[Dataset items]
=======

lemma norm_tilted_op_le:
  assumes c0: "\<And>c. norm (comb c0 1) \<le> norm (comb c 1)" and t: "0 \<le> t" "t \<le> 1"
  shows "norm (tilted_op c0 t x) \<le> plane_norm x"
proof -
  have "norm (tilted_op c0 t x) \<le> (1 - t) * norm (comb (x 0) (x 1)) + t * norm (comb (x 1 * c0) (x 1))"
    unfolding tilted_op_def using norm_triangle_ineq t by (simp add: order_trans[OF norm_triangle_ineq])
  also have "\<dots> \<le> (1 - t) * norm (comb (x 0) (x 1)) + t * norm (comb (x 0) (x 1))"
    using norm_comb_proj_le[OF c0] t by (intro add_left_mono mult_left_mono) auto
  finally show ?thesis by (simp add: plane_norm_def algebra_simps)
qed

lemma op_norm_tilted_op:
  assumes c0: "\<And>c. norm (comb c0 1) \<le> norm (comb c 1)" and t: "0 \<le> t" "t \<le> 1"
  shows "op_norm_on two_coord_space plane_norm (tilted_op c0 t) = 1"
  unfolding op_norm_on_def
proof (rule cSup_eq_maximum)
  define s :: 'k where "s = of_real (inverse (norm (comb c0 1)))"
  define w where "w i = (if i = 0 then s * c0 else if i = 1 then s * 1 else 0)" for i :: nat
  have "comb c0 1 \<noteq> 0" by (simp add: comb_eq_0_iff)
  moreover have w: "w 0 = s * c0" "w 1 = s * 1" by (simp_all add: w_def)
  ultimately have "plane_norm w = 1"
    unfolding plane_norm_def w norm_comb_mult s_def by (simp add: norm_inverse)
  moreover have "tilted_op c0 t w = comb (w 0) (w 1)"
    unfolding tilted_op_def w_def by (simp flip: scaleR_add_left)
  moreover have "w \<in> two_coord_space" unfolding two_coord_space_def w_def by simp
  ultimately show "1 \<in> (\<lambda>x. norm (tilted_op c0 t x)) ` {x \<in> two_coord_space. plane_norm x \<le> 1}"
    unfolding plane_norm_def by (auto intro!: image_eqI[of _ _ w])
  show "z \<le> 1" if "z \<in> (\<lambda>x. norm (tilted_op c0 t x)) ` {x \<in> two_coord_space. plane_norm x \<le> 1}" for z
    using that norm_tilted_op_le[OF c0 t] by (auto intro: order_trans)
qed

=======

WHAT TO PRODUCE - Please print exactly what appears from the first line of the data through the line with "unfolding plane_norm_def w", including both of those lines and nothing past them.

RESULT -
lemma norm_tilted_op_le:
  assumes c0: "\<And>c. norm (comb c0 1) \<le> norm (comb c 1)" and t: "0 \<le> t" "t \<le> 1"
  shows "norm (tilted_op c0 t x) \<le> plane_norm x"
proof -
  have "norm (tilted_op c0 t x) \<le> (1 - t) * norm (comb (x 0) (x 1)) + t * norm (comb (x 1 * c0) (x 1))"
    unfolding tilted_op_def using norm_triangle_ineq t by (simp add: order_trans[OF norm_triangle_ineq])
  also have "\<dots> \<le> (1 - t) * norm (comb (x 0) (x 1)) + t * norm (comb (x 0) (x 1))"
    using norm_comb_proj_le[OF c0] t by (intro add_left_mono mult_left_mono) auto
  finally show ?thesis by (simp add: plane_norm_def algebra_simps)
qed

lemma op_norm_tilted_op:
  assumes c0: "\<And>c. norm (comb c0 1) \<le> norm (comb c 1)" and t: "0 \<le> t" "t \<le> 1"
  shows "op_norm_on two_coord_space plane_norm (tilted_op c0 t) = 1"
  unfolding op_norm_on_def
proof (rule cSup_eq_maximum)
  define s :: 'k where "s = of_real (inverse (norm (comb c0 1)))"
  define w where "w i = (if i = 0 then s * c0 else if i = 1 then s * 1 else 0)" for i :: nat
  have "comb c0 1 \<noteq> 0" by (simp add: comb_eq_0_iff)
  moreover have w: "w 0 = s * c0" "w 1 = s * 1" by (simp_all add: w_def)
  ultimately have "plane_norm w = 1"
    unfolding plane_norm_def w norm_comb_mult s_def by (simp add: norm_inverse)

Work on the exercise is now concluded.